(RECORDS PROVIDED begins)

(* Let $\mathcal{H}\subseteq\mathcal{F}$ be saturated fusion systems over a finite $p$-group $S$, let $\mathcal{C}$ be a family of subgroups of $S$ closed under $\mathcal{F}$-conjugation and taking overgroups, let $P\in\mathcal{C}$ be fully $\mathcal{F}$-normalized, and put $\mathcal{F}_1=\mathcal{H}$, $\mathcal{F}_2=N_{\mathcal{F}}(P)$, $\mathcal{F}_e=N_{\mathcal{H}}(P)$, $S'=N_S(P)$ and $\Lambda=\{\mathcal{F}_1,\mathcal{F}_2,\mathcal{F}_e\}$. Assume that $\mathcal{F}=\langle\mathcal{H},\operatorname{Aut}_{\mathcal{F}}(P)\rangle_S$. Then $\operatorname{Rep}_{\mathcal{F}}(Q,\Lambda)$ is a tree for every $Q\le S$ that is not $\mathcal{F}$-conjugate to a proper subgroup of $P$. In particular $C_\Lambda(Q):=H_1(\operatorname{Rep}_{\mathcal{F}}(Q,\Lambda);\mathcal{R})=0$ for every such $Q$ and every commutative ring $\mathcal{R}$, and if $P$ is minimal under inclusion in $\mathcal{C}$ then the functor $C_\Lambda$ on $\mathcal{O}_{\mathcal{C}}(\mathcal{F})$ is zero.
   Context: $\langle\ldots\rangle_S$ is the smallest fusion system over $S$ containing the listed data. $N_{\mathcal{F}}(P)$ is the fusion system over $N_S(P)$ with morphisms those $\mathcal{F}$-morphisms $\varphi:A\to B$ extending to $\hat\varphi:AP\to BP$ in $\mathcal{F}$ with $\hat\varphi(P)=P$. For a fusion system $\mathcal{E}$ over $S_{\mathcal{E}}$, $\operatorname{Rep}_{\mathcal{F}}(Q,\mathcal{E})=\operatorname{Hom}_{\mathcal{F}}(Q,S_{\mathcal{E}})/\sim$ with $\varphi\sim\psi$ iff $\theta\varphi=\psi$ for an $\mathcal{E}$-isomorphism $\theta:\varphi(Q)\to\psi(Q)$. $\operatorname{Rep}_{\mathcal{F}}(Q,\Lambda)$ is the bipartite graph with vertices $\operatorname{Rep}_{\mathcal{F}}(Q,\mathcal{F}_1)\sqcup\operatorname{Rep}_{\mathcal{F}}(Q,\mathcal{F}_2)$ and edges $\operatorname{Rep}_{\mathcal{F}}(Q,\mathcal{F}_e)$, the edge $[\varphi]_{\mathcal{F}_e}$ joining $[\varphi]_{\mathcal{F}_2}$ and $[\iota_{S'}^S\varphi]_{\mathcal{F}_1}$; $Q\mapsto H_1(\operatorname{Rep}_{\mathcal{F}}(Q,\Lambda);\mathcal{R})$ is a functor on $\mathcal{O}_{\mathcal{C}}(\mathcal{F})^{op}$ via precomposition. *)

theory Defs
  imports "HOL-Algebra.Algebra"
begin

text \<open>Morphisms of a fusion system are triples (A, B, phi): an injective group
homomorphism phi : A -> B between subgroups A, B of the ambient finite group,
phi extensional on A.\<close>

type_synonym 'a fmor = "'a set \<times> 'a set \<times> ('a \<Rightarrow> 'a)"

definition inj_hom :: "('a, 'b) monoid_scheme \<Rightarrow> 'a set \<Rightarrow> 'a set \<Rightarrow> ('a \<Rightarrow> 'a) set" where
  "inj_hom G A B = {\<phi>. \<phi> \<in> hom (G\<lparr>carrier := A\<rparr>) (G\<lparr>carrier := B\<rparr>) \<and> inj_on \<phi> A \<and> \<phi> \<in> extensional A}"

definition conjm :: "('a, 'b) monoid_scheme \<Rightarrow> 'a \<Rightarrow> 'a \<Rightarrow> 'a" where
  "conjm G g x = g \<otimes>\<^bsub>G\<^esub> x \<otimes>\<^bsub>G\<^esub> inv\<^bsub>G\<^esub> g"

definition is_subgroup_of :: "('a, 'b) monoid_scheme \<Rightarrow> 'a set \<Rightarrow> 'a set \<Rightarrow> bool" where
  "is_subgroup_of G T A \<longleftrightarrow> subgroup A G \<and> A \<subseteq> T"

definition fusion_system :: "('a, 'b) monoid_scheme \<Rightarrow> 'a set \<Rightarrow> 'a fmor set \<Rightarrow> bool" where
  "fusion_system G T F \<longleftrightarrow> subgroup T G \<and>
     (\<forall>(A, B, \<phi>) \<in> F. is_subgroup_of G T A \<and> is_subgroup_of G T B \<and> \<phi> \<in> inj_hom G A B) \<and>
     (\<forall>A B g. is_subgroup_of G T A \<and> is_subgroup_of G T B \<and> g \<in> T \<and> conjm G g ` A \<subseteq> B
          \<longrightarrow> (A, B, restrict (conjm G g) A) \<in> F) \<and>
     (\<forall>A B C \<phi> \<psi>. (A, B, \<phi>) \<in> F \<and> (B, C, \<psi>) \<in> F \<longrightarrow> (A, C, restrict (\<psi> \<circ> \<phi>) A) \<in> F) \<and>
     (\<forall>A B \<phi>. (A, B, \<phi>) \<in> F \<longrightarrow>
          (A, \<phi> ` A, \<phi>) \<in> F \<and> (\<phi> ` A, A, restrict (inv_into A \<phi>) (\<phi> ` A)) \<in> F)"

(RECORDS PROVIDED ends)

### INSTRUCTIONS TO FOLLOW
Using the data above, output each line exactly.

### SOLUTION BELOW
(* Let $\mathcal{H}\subseteq\mathcal{F}$ be saturated fusion systems over a finite $p$-group $S$, let $\mathcal{C}$ be a family of subgroups of $S$ closed under $\mathcal{F}$-conjugation and taking overgroups, let $P\in\mathcal{C}$ be fully $\mathcal{F}$-normalized, and put $\mathcal{F}_1=\mathcal{H}$, $\mathcal{F}_2=N_{\mathcal{F}}(P)$, $\mathcal{F}_e=N_{\mathcal{H}}(P)$, $S'=N_S(P)$ and $\Lambda=\{\mathcal{F}_1,\mathcal{F}_2,\mathcal{F}_e\}$. Assume that $\mathcal{F}=\langle\mathcal{H},\operatorname{Aut}_{\mathcal{F}}(P)\rangle_S$. Then $\operatorname{Rep}_{\mathcal{F}}(Q,\Lambda)$ is a tree for every $Q\le S$ that is not $\mathcal{F}$-conjugate to a proper subgroup of $P$. In particular $C_\Lambda(Q):=H_1(\operatorname{Rep}_{\mathcal{F}}(Q,\Lambda);\mathcal{R})=0$ for every such $Q$ and every commutative ring $\mathcal{R}$, and if $P$ is minimal under inclusion in $\mathcal{C}$ then the functor $C_\Lambda$ on $\mathcal{O}_{\mathcal{C}}(\mathcal{F})$ is zero.
   Context: $\langle\ldots\rangle_S$ is the smallest fusion system over $S$ containing the listed data. $N_{\mathcal{F}}(P)$ is the fusion system over $N_S(P)$ with morphisms those $\mathcal{F}$-morphisms $\varphi:A\to B$ extending to $\hat\varphi:AP\to BP$ in $\mathcal{F}$ with $\hat\varphi(P)=P$. For a fusion system $\mathcal{E}$ over $S_{\mathcal{E}}$, $\operatorname{Rep}_{\mathcal{F}}(Q,\mathcal{E})=\operatorname{Hom}_{\mathcal{F}}(Q,S_{\mathcal{E}})/\sim$ with $\varphi\sim\psi$ iff $\theta\varphi=\psi$ for an $\mathcal{E}$-isomorphism $\theta:\varphi(Q)\to\psi(Q)$. $\operatorname{Rep}_{\mathcal{F}}(Q,\Lambda)$ is the bipartite graph with vertices $\operatorname{Rep}_{\mathcal{F}}(Q,\mathcal{F}_1)\sqcup\operatorname{Rep}_{\mathcal{F}}(Q,\mathcal{F}_2)$ and edges $\operatorname{Rep}_{\mathcal{F}}(Q,\mathcal{F}_e)$, the edge $[\varphi]_{\mathcal{F}_e}$ joining $[\varphi]_{\mathcal{F}_2}$ and $[\iota_{S'}^S\varphi]_{\mathcal{F}_1}$; $Q\mapsto H_1(\operatorname{Rep}_{\mathcal{F}}(Q,\Lambda);\mathcal{R})$ is a functor on $\mathcal{O}_{\mathcal{C}}(\mathcal{F})^{op}$ via precomposition. *)

theory Defs
  imports "HOL-Algebra.Algebra"
begin

text \<open>Morphisms of a fusion system are triples (A, B, phi): an injective group
homomorphism phi : A -> B between subgroups A, B of the ambient finite group,
phi extensional on A.\<close>

type_synonym 'a fmor = "'a set \<times> 'a set \<times> ('a \<Rightarrow> 'a)"

definition inj_hom :: "('a, 'b) monoid_scheme \<Rightarrow> 'a set \<Rightarrow> 'a set \<Rightarrow> ('a \<Rightarrow> 'a) set" where
  "inj_hom G A B = {\<phi>. \<phi> \<in> hom (G\<lparr>carrier := A\<rparr>) (G\<lparr>carrier := B\<rparr>) \<and> inj_on \<phi> A \<and> \<phi> \<in> extensional A}"

definition conjm :: "('a, 'b) monoid_scheme \<Rightarrow> 'a \<Rightarrow> 'a \<Rightarrow> 'a" where
  "conjm G g x = g \<otimes>\<^bsub>G\<^esub> x \<otimes>\<^bsub>G\<^esub> inv\<^bsub>G\<^esub> g"

definition is_subgroup_of :: "('a, 'b) monoid_scheme \<Rightarrow> 'a set \<Rightarrow> 'a set \<Rightarrow> bool" where
  "is_subgroup_of G T A \<longleftrightarrow> subgroup A G \<and> A \<subseteq> T"

definition fusion_system :: "('a, 'b) monoid_scheme \<Rightarrow> 'a set \<Rightarrow> 'a fmor set \<Rightarrow> bool" where
  "fusion_system G T F \<longleftrightarrow> subgroup T G \<and>
     (\<forall>(A, B, \<phi>) \<in> F. is_subgroup_of G T A \<and> is_subgroup_of G T B \<and> \<phi> \<in> inj_hom G A B) \<and>
     (\<forall>A B g. is_subgroup_of G T A \<and> is_subgroup_of G T B \<and> g \<in> T \<and> conjm G g ` A \<subseteq> B
          \<longrightarrow> (A, B, restrict (conjm G g) A) \<in> F) \<and>
     (\<forall>A B C \<phi> \<psi>. (A, B, \<phi>) \<in> F \<and> (B, C, \<psi>) \<in> F \<longrightarrow> (A, C, restrict (\<psi> \<circ> \<phi>) A) \<in> F) \<and>
     (\<forall>A B \<phi>. (A, B, \<phi>) \<in> F \<longrightarrow>
          (A, \<phi> ` A, \<phi>) \<in> F \<and> (\<phi> ` A, A, restrict (inv_into A \<phi>) (\<phi> ` A)) \<in> F)"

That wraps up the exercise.